Start of Dataset excerpts

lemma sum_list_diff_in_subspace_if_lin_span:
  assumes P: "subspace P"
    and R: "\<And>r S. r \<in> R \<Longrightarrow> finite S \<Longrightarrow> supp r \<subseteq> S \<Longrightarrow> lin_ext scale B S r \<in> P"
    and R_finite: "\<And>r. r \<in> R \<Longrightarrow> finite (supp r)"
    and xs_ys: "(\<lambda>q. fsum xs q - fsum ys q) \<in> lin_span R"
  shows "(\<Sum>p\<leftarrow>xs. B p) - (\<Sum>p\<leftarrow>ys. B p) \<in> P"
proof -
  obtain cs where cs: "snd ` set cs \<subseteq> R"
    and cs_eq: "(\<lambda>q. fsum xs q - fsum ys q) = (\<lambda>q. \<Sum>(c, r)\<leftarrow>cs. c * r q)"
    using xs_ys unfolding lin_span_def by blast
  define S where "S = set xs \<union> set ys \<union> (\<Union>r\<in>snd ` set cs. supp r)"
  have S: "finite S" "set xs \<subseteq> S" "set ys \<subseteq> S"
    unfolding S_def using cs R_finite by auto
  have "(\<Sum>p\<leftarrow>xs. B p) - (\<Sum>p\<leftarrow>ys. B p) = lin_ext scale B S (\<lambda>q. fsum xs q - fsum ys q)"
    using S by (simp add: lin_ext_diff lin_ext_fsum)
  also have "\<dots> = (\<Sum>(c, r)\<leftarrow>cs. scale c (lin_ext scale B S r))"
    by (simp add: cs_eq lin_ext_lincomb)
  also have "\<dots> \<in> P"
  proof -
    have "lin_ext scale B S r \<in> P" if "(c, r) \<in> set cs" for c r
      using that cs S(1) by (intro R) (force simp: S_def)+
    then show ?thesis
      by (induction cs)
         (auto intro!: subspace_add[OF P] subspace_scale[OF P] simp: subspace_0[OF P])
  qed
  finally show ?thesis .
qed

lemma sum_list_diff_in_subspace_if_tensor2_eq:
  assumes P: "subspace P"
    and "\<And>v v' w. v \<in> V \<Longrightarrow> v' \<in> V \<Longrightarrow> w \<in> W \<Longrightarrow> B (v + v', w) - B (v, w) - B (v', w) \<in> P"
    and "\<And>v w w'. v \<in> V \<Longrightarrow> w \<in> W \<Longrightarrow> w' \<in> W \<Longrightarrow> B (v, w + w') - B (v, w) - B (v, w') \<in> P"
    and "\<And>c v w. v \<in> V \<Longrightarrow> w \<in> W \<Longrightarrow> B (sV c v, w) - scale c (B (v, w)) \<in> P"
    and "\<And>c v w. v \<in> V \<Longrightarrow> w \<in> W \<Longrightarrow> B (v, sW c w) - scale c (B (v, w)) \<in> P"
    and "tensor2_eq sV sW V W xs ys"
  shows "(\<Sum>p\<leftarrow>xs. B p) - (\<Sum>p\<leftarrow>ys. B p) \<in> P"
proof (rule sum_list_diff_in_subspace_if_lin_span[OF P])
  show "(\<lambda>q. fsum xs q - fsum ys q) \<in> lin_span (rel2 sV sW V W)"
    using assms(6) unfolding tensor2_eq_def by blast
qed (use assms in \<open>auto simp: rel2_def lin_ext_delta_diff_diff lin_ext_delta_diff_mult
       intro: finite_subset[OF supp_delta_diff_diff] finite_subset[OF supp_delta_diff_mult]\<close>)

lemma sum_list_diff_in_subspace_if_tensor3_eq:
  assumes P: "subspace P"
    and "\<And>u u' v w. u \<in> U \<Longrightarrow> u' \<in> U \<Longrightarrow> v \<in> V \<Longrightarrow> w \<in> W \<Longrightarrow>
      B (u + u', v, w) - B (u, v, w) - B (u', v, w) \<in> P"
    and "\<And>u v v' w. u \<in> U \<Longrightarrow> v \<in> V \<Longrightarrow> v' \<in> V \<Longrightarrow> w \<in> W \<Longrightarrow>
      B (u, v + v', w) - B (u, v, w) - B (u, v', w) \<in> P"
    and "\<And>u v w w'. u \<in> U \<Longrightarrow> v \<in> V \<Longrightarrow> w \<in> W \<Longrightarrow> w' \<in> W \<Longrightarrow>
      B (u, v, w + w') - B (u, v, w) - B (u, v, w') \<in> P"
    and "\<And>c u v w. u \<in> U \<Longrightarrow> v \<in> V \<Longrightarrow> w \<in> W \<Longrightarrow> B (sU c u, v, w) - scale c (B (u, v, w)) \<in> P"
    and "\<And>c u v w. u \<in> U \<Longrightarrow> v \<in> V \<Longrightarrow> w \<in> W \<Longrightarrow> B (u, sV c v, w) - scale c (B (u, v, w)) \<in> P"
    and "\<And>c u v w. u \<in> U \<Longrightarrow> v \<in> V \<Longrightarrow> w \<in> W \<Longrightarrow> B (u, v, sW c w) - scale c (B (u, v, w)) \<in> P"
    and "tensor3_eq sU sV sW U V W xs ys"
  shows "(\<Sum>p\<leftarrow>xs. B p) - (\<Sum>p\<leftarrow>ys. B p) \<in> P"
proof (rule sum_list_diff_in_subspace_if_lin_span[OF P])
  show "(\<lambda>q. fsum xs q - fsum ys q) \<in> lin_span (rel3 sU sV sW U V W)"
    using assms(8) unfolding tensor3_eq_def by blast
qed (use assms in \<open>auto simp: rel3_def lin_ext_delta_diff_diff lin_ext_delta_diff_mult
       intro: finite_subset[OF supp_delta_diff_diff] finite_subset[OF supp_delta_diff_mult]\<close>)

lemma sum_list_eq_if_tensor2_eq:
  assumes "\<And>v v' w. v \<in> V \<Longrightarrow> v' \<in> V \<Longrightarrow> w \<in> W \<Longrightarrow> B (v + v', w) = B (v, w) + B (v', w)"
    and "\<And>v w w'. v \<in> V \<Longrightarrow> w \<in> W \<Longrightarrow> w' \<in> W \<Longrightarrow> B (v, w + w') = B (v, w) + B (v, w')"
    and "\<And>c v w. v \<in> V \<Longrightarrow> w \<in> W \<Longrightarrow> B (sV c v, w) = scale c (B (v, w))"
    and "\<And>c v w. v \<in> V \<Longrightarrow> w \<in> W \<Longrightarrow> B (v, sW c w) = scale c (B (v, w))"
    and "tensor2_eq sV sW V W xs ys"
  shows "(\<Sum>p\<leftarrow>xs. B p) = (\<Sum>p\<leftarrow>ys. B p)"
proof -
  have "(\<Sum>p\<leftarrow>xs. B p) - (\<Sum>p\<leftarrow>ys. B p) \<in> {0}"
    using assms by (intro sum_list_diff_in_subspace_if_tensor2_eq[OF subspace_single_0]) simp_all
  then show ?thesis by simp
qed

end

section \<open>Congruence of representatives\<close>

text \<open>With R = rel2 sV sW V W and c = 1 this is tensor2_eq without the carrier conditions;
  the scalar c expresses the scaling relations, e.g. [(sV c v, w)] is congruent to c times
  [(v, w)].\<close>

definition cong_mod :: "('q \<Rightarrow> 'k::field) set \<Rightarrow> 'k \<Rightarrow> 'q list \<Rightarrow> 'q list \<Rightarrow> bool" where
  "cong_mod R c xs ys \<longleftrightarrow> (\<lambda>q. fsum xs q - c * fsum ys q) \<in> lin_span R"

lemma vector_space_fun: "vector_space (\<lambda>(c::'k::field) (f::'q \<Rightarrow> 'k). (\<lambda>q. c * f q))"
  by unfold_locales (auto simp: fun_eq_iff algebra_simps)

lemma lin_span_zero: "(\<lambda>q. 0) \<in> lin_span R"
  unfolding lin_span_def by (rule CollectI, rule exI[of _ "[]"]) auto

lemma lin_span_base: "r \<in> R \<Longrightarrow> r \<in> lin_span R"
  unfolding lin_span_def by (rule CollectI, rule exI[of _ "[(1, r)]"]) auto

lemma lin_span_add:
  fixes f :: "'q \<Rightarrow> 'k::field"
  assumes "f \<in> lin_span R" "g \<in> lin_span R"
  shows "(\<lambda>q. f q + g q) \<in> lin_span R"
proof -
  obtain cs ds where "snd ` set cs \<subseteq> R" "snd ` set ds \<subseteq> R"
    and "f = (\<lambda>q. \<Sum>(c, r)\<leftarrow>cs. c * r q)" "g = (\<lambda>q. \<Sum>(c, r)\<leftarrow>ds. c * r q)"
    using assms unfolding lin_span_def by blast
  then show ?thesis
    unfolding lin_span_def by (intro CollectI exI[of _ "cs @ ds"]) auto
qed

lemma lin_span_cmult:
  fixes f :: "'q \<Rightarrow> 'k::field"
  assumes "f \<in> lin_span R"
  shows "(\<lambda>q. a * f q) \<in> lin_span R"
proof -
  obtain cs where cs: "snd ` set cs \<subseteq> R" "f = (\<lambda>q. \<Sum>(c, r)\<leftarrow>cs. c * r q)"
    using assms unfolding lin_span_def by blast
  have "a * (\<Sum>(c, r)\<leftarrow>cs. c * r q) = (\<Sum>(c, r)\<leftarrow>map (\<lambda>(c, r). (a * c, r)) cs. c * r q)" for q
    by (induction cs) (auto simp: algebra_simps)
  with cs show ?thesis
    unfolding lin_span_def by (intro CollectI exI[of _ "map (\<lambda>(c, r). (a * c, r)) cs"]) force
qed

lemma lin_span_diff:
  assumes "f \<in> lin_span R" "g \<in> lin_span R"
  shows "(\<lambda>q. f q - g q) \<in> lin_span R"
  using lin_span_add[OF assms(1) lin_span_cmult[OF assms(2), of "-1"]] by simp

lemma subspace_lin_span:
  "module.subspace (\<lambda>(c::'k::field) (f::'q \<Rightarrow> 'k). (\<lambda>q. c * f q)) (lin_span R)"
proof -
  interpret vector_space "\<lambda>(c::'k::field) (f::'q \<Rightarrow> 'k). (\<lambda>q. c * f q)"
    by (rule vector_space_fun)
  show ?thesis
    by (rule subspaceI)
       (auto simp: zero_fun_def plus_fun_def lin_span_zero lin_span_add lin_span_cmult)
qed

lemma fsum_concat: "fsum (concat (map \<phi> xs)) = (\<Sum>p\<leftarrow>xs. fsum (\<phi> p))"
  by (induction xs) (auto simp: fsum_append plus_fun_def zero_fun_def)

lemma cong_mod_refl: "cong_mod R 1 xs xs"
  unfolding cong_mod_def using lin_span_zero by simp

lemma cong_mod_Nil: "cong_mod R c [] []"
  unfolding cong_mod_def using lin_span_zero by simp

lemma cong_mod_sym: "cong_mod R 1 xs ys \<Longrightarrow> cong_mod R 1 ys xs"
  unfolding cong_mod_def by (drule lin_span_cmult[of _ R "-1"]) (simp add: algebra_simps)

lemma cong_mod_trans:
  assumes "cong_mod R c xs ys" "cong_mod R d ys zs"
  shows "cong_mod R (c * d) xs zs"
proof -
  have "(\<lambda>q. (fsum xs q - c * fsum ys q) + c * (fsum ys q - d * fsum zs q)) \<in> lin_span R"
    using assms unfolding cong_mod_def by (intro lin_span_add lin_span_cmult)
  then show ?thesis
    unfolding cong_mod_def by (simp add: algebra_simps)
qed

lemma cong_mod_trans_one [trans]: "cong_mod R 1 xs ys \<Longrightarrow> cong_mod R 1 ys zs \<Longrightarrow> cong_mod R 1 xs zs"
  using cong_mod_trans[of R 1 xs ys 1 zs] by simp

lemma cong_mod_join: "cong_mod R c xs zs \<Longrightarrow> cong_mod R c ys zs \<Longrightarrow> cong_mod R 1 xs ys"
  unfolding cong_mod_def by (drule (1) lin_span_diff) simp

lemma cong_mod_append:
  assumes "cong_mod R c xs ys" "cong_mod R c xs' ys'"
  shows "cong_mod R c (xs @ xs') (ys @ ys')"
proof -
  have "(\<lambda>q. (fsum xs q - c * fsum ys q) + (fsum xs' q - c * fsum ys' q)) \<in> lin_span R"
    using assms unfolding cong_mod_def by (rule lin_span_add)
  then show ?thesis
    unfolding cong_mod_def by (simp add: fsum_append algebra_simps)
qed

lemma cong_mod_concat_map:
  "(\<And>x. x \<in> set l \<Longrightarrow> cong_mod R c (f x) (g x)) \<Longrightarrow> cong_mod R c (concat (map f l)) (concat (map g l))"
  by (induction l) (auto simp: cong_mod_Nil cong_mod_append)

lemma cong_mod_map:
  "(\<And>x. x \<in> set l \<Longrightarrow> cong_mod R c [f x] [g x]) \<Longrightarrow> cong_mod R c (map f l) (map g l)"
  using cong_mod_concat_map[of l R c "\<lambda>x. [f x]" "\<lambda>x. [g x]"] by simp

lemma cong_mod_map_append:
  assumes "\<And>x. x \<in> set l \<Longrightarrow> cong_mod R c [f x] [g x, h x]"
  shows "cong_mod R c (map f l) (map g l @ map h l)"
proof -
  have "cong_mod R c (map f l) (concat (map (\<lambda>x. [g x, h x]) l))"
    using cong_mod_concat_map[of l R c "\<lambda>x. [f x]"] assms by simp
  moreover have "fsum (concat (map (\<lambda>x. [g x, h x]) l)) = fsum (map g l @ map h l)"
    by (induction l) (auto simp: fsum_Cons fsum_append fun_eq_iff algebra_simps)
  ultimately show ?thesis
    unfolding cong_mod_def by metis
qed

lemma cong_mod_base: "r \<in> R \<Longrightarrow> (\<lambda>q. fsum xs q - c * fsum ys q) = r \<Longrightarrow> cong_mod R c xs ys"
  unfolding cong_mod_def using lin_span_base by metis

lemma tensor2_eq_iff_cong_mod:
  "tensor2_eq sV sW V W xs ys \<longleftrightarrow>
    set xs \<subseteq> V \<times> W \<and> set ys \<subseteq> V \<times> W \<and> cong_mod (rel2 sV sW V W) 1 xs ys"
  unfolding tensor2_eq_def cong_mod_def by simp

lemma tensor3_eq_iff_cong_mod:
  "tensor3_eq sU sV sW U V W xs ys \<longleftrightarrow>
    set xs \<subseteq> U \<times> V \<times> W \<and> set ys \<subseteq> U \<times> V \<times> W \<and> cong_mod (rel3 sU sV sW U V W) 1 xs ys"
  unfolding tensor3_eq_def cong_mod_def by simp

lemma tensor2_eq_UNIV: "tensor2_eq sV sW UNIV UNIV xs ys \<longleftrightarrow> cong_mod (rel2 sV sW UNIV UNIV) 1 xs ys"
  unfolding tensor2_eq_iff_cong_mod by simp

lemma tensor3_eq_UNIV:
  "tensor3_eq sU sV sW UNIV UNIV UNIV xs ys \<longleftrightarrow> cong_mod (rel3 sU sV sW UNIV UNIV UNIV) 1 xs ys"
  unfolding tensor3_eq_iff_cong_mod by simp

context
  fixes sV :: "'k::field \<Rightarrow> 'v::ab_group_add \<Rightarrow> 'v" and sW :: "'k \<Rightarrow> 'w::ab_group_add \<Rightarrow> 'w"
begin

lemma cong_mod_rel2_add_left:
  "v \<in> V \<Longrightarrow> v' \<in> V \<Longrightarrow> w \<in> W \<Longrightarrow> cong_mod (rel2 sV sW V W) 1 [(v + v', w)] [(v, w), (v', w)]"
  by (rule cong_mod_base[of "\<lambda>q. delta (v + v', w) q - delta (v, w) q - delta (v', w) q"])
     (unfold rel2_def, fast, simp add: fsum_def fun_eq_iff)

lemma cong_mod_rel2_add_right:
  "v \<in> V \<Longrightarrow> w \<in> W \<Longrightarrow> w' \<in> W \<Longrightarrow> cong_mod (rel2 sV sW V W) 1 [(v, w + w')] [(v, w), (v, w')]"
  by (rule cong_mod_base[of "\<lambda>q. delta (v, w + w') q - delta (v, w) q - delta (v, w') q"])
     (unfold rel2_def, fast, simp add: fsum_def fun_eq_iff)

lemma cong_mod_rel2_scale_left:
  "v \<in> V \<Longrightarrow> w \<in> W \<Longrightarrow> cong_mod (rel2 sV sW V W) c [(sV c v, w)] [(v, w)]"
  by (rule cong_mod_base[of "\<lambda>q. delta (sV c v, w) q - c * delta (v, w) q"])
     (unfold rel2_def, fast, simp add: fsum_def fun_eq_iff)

End of Dataset excerpts

Problem requirements: Every line above that carries the string "induction" should be copied.

Output of the exercise:
      by (induction cs)
    by (induction cs) (auto simp: algebra_simps)
  by (induction xs) (auto simp: fsum_append plus_fun_def zero_fun_def)
  by (induction l) (auto simp: cong_mod_Nil cong_mod_append)
    by (induction l) (auto simp: fsum_Cons fsum_append fun_eq_iff algebra_simps)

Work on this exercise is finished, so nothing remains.